We pushed the small red wagon out in front of our mother’s bedroom window and gingerly arranged each ornamented animal in a small ellipse on the soft side lawn. When all the slumbering participants were in place, my twin and I began to shout loudly.

My mother came to the window, panicked, holding both hands over her chest. She stared at us for signs of injury and when she was sure we were all right, looked down at the still stagnant queue sleeping quietly at our feet. Our mother stood transfixed, somewhere on the brink of dream-like wonder and horror, and in that moment, it seemed the experiment could have gone either way.

But something had gone wrong. Our patients were not waking.

My mother stood there with her hands over her heart, seeing the delicate shambles, the massacre in pink and white bows, then she turned away.

It was at that moment, my sister, who realized the mistake. The sedative at the bottom of the vial had been more powerful; somehow it had not been diluted by light and movement and time. The usual dosage had been fatal for all the patients involved and the parade had turned into an execution by default.
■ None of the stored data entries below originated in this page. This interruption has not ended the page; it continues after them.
(* Suppose that there exist a cyclic HDM$(k,n;h)$, a cyclic DM$(n',k;1)$, and a cyclic DCA$(k,hn'+1;hn')$ satisfying P1 and P2. Then there exists a cyclic DCA$(k,nn'+1;nn')$ satisfying P1 and P2.
   Context: A difference matrix DM$(n,k;\lambda)$ over an abelian group $(G,+)$ of order $n$ is an $n\times k$ matrix $Q=[q(i,j)]$ with entries in $G$ such that for every pair of distinct columns $j,j'$ the multiset $\{q(i,j)-q(i,j') : 0\le i\le n-1\}$ contains every element of $G$ exactly $\lambda$ times. A holey difference matrix HDM$(k,n;h)$ over $G$ with hole a subgroup $H$ of order $h$ is an $(n-h)\times k$ matrix with entries in $G$ such that for every pair of distinct columns the multiset of row differences contains every element of $G\setminus H$ exactly once. A difference covering array DCA$(k,\eta;n)$ over $G$ is an $\eta\times k$ matrix with entries in $G$ such that for every pair of distinct columns $j,j'$ the multiset of row differences $q(i,j)-q(i,j')$ contains every element of $G$ at least once. Any of these is cyclic if $G=\mathbb{Z}_n$. A DCA$(k,n+1;n)$ is taken in normalized form: all entries of its last row (row $n$) and last column (column $k-1$) equal $0$. It satisfies P1 if $0$ occurs at least twice in every column, and P2 if for all distinct columns $j,j'$ with $j\neq k-1\neq j'$, the set $\{q(i,j)-q(i,j') : 0\le i\le n-1\}$ equals $G\setminus\{0\}$. *)

theory Defs
  imports Main
begin
(* Let $A$ be a commutative ring. There is a well-defined group homomorphism $\alpha:\mathrm{St}(2,A)\to C(A)$ with $\alpha(x_{21}(a))=y(a)$ and $\alpha(x_{12}(a))=\bar y(a)$ for all $a\in A$. Furthermore $\psi\circ\alpha=\phi$.
   Context: $C(A)$ is the group with generators $\epsilon(a)$, $a\in A$, and relations: with $h(u):=\epsilon(-u)\epsilon(-u^{-1})\epsilon(-u)$, (1) $h(u)h(v)=h(uv)$ ($u,v\in A^\times$); (2) $\epsilon(a)\epsilon(0)\epsilon(b)=h(-1)\epsilon(a+b)$; (3) $h(u)\epsilon(a)h(u)=\epsilon(u^2a)$. $y(a):=\epsilon(0)^3\epsilon(a)$ and $\bar y(a):=\epsilon(-a)\epsilon(0)^3$. $\psi:C(A)\to\mathrm{SL}_2(A)$ sends $\epsilon(a)\mapsto\begin{pmatrix}a&1\\-1&0\end{pmatrix}$. $\mathrm{St}(2,A)$ is the group generated by $x_{12}(t),x_{21}(t)$, $t\in A$, with relations $x_{ij}(s)x_{ij}(t)=x_{ij}(s+t)$ and $w_{ij}(u)x_{ij}(t)w_{ij}(-u)=x_{ji}(-u^{-2}t)$ for $u\in A^\times$, where $w_{ij}(u)=x_{ij}(u)x_{ji}(-u^{-1})x_{ij}(u)$. $\phi:\mathrm{St}(2,A)\to\mathrm{SL}_2(A)$ sends $x_{12}(t)\mapsto\begin{pmatrix}1&t\\0&1\end{pmatrix}$ and $x_{21}(t)\mapsto\begin{pmatrix}1&0\\t&1\end{pmatrix}$. *)

theory Defs
  imports "HOL-Algebra.Group"
begin

text \<open>Words in generators and their formal inverses: (g, True) is g, (g, False) is g^-1.
  A presentation is given by a set R of pairs of words (l, r), meaning the relation l = r.\<close>

type_synonym 'g word = "('g \<times> bool) list"

inductive pres_eq :: "('g word \<times> 'g word) set \<Rightarrow> 'g word \<Rightarrow> 'g word \<Rightarrow> bool"
  for R where
  refl: "pres_eq R w w"
| sym: "pres_eq R v w \<Longrightarrow> pres_eq R w v"
| trans: "pres_eq R u v \<Longrightarrow> pres_eq R v w \<Longrightarrow> pres_eq R u w"
| cancel: "pres_eq R (u @ [(g, b), (g, \<not> b)] @ v) (u @ v)"
| rel: "(l, r) \<in> R \<Longrightarrow> pres_eq R (u @ l @ v) (u @ r @ v)"

definition pres_class :: "('g word \<times> 'g word) set \<Rightarrow> 'g word \<Rightarrow> 'g word set" where
  "pres_class R w = {z. pres_eq R w z}"

definition presented_group :: "('g word \<times> 'g word) set \<Rightarrow> 'g word set monoid" where
  "presented_group R =
     \<lparr>carrier = range (pres_class R),
      mult = (\<lambda>X Y. {z. \<exists>x\<in>X. \<exists>y\<in>Y. pres_eq R (x @ y) z}),
      one = pres_class R []\<rparr>"

definition eval_word :: "('b, 'c) monoid_scheme \<Rightarrow> ('g \<Rightarrow> 'b) \<Rightarrow> 'g word \<Rightarrow> 'b" where
  "eval_word G f w =
     foldr (\<lambda>(g, b) acc. (if b then f g else inv\<^bsub>G\<^esub> (f g)) \<otimes>\<^bsub>G\<^esub> acc) w \<one>\<^bsub>G\<^esub>"

text \<open>The map on a presented group induced by an assignment of generators
  (the homomorphism, when it is well defined).\<close>
definition pres_lift :: "('b, 'c) monoid_scheme \<Rightarrow> ('g \<Rightarrow> 'b) \<Rightarrow> 'g word set \<Rightarrow> 'b" where
  "pres_lift G f X = eval_word G f (SOME w. w \<in> X)"

definition unit_inv :: "'a::comm_ring_1 \<Rightarrow> 'a" where
  "unit_inv u = (THE v. u * v = 1)"

definition eps :: "'a \<Rightarrow> 'a word" where
  "eps a = [(a, True)]"
lemma angle_sup_eq_angle_inf_imp_singleton:
  fixes S :: "real set"
  assumes "S \<noteq> {}" and "angle_sup S = angle_inf S"
  shows "\<exists>\<beta>. S = {\<beta>}"
proof -
  have "angle_inf S < pi / 2" and "- (pi / 2) < angle_sup S"
    using arctan_ubound arctan_lbound by (auto simp: angle_inf_def angle_sup_def)
  with assms(2) have "bdd_above S" and "bdd_below S"
    by (auto simp: angle_sup_def angle_inf_def split: if_splits)
  with assms(2) have "Sup S = Inf S"
    by (simp add: angle_sup_def angle_inf_def arctan_eq_iff)
  then have "b = Sup S" if "b \<in> S" for b
    using that \<open>bdd_above S\<close> \<open>bdd_below S\<close> cSup_upper cInf_lower by (metis antisym)
  then have "S = {Sup S}"
    using assms(1) by blast
  then show ?thesis ..
qed

lemma left_of_angle_sup_if_below:
  assumes "bdd_above S \<Longrightarrow> x * (y - \<beta> * x) < 0 \<and> \<beta> \<le> Sup S"
  shows "left_of (angle_sup S) x y \<longleftrightarrow> x < 0"
proof (cases "bdd_above S")
  case True
  with assms have below: "x * (y - \<beta> * x) < 0" and "\<beta> \<le> Sup S"
    by auto
  have "Sup S * x < y \<longleftrightarrow> x < 0"
  proof (cases "0 < x")
    case True
    then have "y < \<beta> * x" and "\<beta> * x \<le> Sup S * x"
      using below \<open>\<beta> \<le> Sup S\<close> by (auto simp: mult_less_0_iff intro: mult_right_mono)
    then have "\<not> Sup S * x < y"
      by linarith
    with True show ?thesis
      by simp
  next
    case False
    then have "x < 0" and "\<beta> * x < y" and "Sup S * x \<le> \<beta> * x"
      using below \<open>\<beta> \<le> Sup S\<close> by (auto simp: mult_less_0_iff intro: mult_right_mono_neg)
    then show ?thesis
      by linarith
  qed
  with True show ?thesis
    by (simp add: left_of_angle_sup)
qed (simp add: left_of_angle_sup)

lemma left_of_angle_inf_if_above:
  assumes "bdd_below S \<Longrightarrow> 0 < x * (y - \<beta> * x) \<and> Inf S \<le> \<beta>"
  shows "left_of (angle_inf S) x y \<longleftrightarrow> 0 < x"
proof (cases "bdd_below S")
  case True
  with assms have above: "0 < x * (y - \<beta> * x)" and "Inf S \<le> \<beta>"
    by auto
  have "Inf S * x < y \<longleftrightarrow> 0 < x"
  proof (cases "0 < x")
    case True
    then have "\<beta> * x < y" and "Inf S * x \<le> \<beta> * x"
      using above \<open>Inf S \<le> \<beta>\<close> by (auto simp: zero_less_mult_iff intro: mult_right_mono)
    with True show ?thesis
      by linarith
  next
    case False
    then have "x < 0" and "y < \<beta> * x" and "\<beta> * x \<le> Inf S * x"
      using above \<open>Inf S \<le> \<beta>\<close> by (auto simp: zero_less_mult_iff intro: mult_right_mono_neg)
    then have "\<not> Inf S * x < y"
      by linarith
    with \<open>x < 0\<close> show ?thesis
      by simp
  qed
  with True show ?thesis
    by (simp add: left_of_angle_inf)
qed (simp add: left_of_angle_inf)

lemma less_blowup_fun_iff:
  fixes S :: "real set"
  assumes "S \<noteq> {}" and "x \<noteq> 0" and "w \<noteq> 0"
  shows "blowup_fun S x (w - x * y / 2) < y
    \<longleftrightarrow> (x, y, w) \<in> halfspace_pair (angle_sup S) (angle_inf S)"
proof -
  define z where "z = w - x * y / 2"
  have shift: "z + \<beta> * x\<^sup>2 / 2 = w - x * (y - \<beta> * x) / 2" for \<beta>
    by (simp add: z_def power2_eq_square field_simps)
  have Inf_le_Sup: "bdd_above S \<Longrightarrow> bdd_below S \<Longrightarrow> Inf S \<le> Sup S"
    using cInf_le_cSup[OF assms(1)] .
  consider (lower) "bdd_above S" "z + Sup S * x\<^sup>2 / 2 < 0"
    | (upper) "\<not> (bdd_above S \<and> z + Sup S * x\<^sup>2 / 2 < 0)" "bdd_below S" "z + Inf S * x\<^sup>2 / 2 > 0"
    | (middle) "\<not> (bdd_above S \<and> z + Sup S * x\<^sup>2 / 2 < 0)"
        "\<not> (bdd_below S \<and> z + Inf S * x\<^sup>2 / 2 > 0)"
    by argo
  then show ?thesis
  proof cases
    case lower
    then have "0 < w \<Longrightarrow> left_of (angle_inf S) x y \<longleftrightarrow> 0 < x"
      using Inf_le_Sup unfolding shift by (intro left_of_angle_inf_if_above[of _ _ _ "Sup S"]) auto
    moreover have "Sup S * x < y \<longleftrightarrow> 0 < x" if "0 < w"
    proof -
      have "0 < x * (y - Sup S * x)"
        using lower(2) that unfolding shift by linarith
      then show ?thesis
        by (auto simp: zero_less_mult_iff)
    qed
    ultimately show ?thesis
      using lower \<open>w \<noteq> 0\<close>
      by (cases "w < 0")
        (auto simp: halfspace_pair_def blowup_fun_def left_of_angle_sup simp flip: z_def)
  next
    case upper
    then have "w < 0 \<Longrightarrow> left_of (angle_sup S) x y \<longleftrightarrow> x < 0"
      using Inf_le_Sup unfolding shift by (intro left_of_angle_sup_if_below[of _ _ _ "Inf S"]) auto
    moreover have "Inf S * x < y \<longleftrightarrow> x < 0" if "w < 0"
    proof -
      have "x * (y - Inf S * x) < 0"
        using upper(3) that unfolding shift by linarith
      then show ?thesis
        by (auto simp: mult_less_0_iff)
    qed
    ultimately show ?thesis
      using upper \<open>w \<noteq> 0\<close>
      by (cases "w < 0")
        (auto simp: halfspace_pair_def blowup_fun_def left_of_angle_inf simp flip: z_def)
  next
    case middle
    then have "w < 0 \<Longrightarrow> left_of (angle_sup S) x y \<longleftrightarrow> x < 0"
      unfolding shift by (intro left_of_angle_sup_if_below[of _ _ _ "Sup S"]) auto
    moreover have "0 < w \<Longrightarrow> left_of (angle_inf S) x y \<longleftrightarrow> 0 < x"
      using middle unfolding shift by (intro left_of_angle_inf_if_above[of _ _ _ "Inf S"]) auto
    moreover have "blowup_fun S x z = y - 2 * w / x"
      using middle \<open>x \<noteq> 0\<close> by (auto simp: blowup_fun_def z_def field_simps)
    ultimately show ?thesis
      using \<open>w \<noteq> 0\<close>
      by (cases "w < 0") (auto simp: halfspace_pair_def zero_less_divide_iff simp flip: z_def)
  qed
qed

lemma bfun_eq_blowup_fun: "0 \<le> u \<Longrightarrow> bfun u = blowup_fun {- u..u}"
  by (auto simp: fun_eq_iff bfun_def blowup_fun_def abs_le_iff)

lemma mem_BP_ereal_iff:
  assumes "0 \<le> u" and "x \<noteq> 0" and "w \<noteq> 0"
  shows "(x, y, w) \<in> BP (ereal u) \<longleftrightarrow> (x, y, w) \<in> halfspace_pair (arctan u) (- arctan u)"
proof -
  have "angle_sup {- u..u} = arctan u" and "angle_inf {- u..u} = - arctan u"
    using \<open>0 \<le> u\<close> by (simp_all add: angle_sup_def angle_inf_def arctan_minus)
  with less_blowup_fun_iff[of "{- u..u}" x w y] assms show ?thesis
    by (simp add: BP_def epi_Y_eq bfun_eq_blowup_fun)
qed

lemma BP_infinity: "BP \<infinity> = halfspace_pair (pi / 2) (- (pi / 2))"
  by (auto simp: BP_def halfspace_pair_def left_of_def zero_less_mult_iff)

lemma rot_rot: "rot \<alpha> (rot \<beta> p) = rot (\<alpha> + \<beta>) p"
  by (cases p) (simp add: rot_def sin_add cos_add algebra_simps)

lemma mem_rot_image_iff: "p \<in> rot \<theta> ` A \<longleftrightarrow> rot (- \<theta>) p \<in> A"
proof -
  have rot_zero: "rot 0 q = q" for q
    by (cases q) (simp add: rot_def)
  show ?thesis
    by (metis (no_types, opaque_lifting) add.right_inverse add.left_inverse image_iff
            rot_rot rot_zero)
qed

lemma rot_image_halfspace_pair: "rot \<theta> ` halfspace_pair \<phi> \<psi> = halfspace_pair (\<phi> + \<theta>) (\<psi> + \<theta>)"
proof -
  have left_of_rot: "left_of \<phi> (x * cos \<theta> + y * sin \<theta>) (y * cos \<theta> - x * sin \<theta>)
      \<longleftrightarrow> left_of (\<phi> + \<theta>) x y" for \<phi> x y
    by (simp add: left_of_def sin_add cos_add algebra_simps)
  show ?thesis
  proof (intro set_eqI)
    fix p :: heis
    obtain x y w where p: "p = (x, y, w)"
      by (cases p)
    have "rot (- \<theta>) p = (x * cos \<theta> + y * sin \<theta>, y * cos \<theta> - x * sin \<theta>, w)"
      by (simp add: rot_def p algebra_simps)
    then show "p \<in> rot \<theta> ` halfspace_pair \<phi> \<psi> \<longleftrightarrow> p \<in> halfspace_pair (\<phi> + \<theta>) (\<psi> + \<theta>)"
      unfolding mem_rot_image_iff by (simp add: halfspace_pair_def left_of_rot p)
  qed
qed

lemma open_halfspace_pair: "open (halfspace_pair \<phi> \<psi>)"
proof -
  have "halfspace_pair \<phi> \<psi> =
      {p. snd (snd p) < 0 \<and> 0 < fst (snd p) * cos \<phi> - fst p * sin \<phi>}
      \<union> {p. 0 < snd (snd p) \<and> 0 < fst (snd p) * cos \<psi> - fst p * sin \<psi>}"
    by (auto simp: halfspace_pair_def left_of_def)
  then show ?thesis
    by (simp only:) (intro open_Un open_Collect_conj open_Collect_less continuous_intros)
qed

section \<open>Null sets and local convergence\<close>

lemma AE_lborel_if_negligible: "negligible {p. \<not> P p} \<Longrightarrow> AE p in lborel. P p"
  using eventually_ae_filter_negligible[of P] AE_completion_iff by blast

lemma AE_lborel_off_plane:
  fixes a b c d :: real
  assumes "(a, b, c) \<noteq> (0, 0, 0)"
  shows "AE p in lborel. a * fst p + b * fst (snd p) + c * snd (snd p) \<noteq> d"
proof (rule AE_lborel_if_negligible)
  have "(a, b, c) \<noteq> (0 :: heis)"
    using assms by (simp add: zero_prod_def)
  then have "negligible {p :: heis. (a, b, c) \<bullet> p = d}"
    by (intro negligible_hyperplane) simp
  then show "negligible {p :: heis. \<not> a * fst p + b * fst (snd p) + c * snd (snd p) \<noteq> d}"
    by (simp add: inner_prod_def add.assoc)
qed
Isabella shook her head, crying into the corner of her own arm, whimpering very gently and hiding her face.

“What? What’s wrong?” I asked, not remembering the timbre of my own voice. I was getting angry and anxious, seeing her losing her control and demeanor like that because I still did not understand what had happened exactly.

“Matthew,” she whispered. “We...we...we made a mistake.”

“What? What is it?” and before she spoke, I suddenly imagined my father hanging in the cellar again, the rope creased tightly along his neck, his eyes tightly closed, the thoughts of regret, the resolve that had drove him to his end, weighing heavy in his head. What had he been thinking? What would he have said? In that instant, I understood what he had discovered. The sound of my sister’s voice, which had become so unfamiliar, was now the sound of the realization he had made, echoing in my brain:

"Medicine never cures the heart-aches."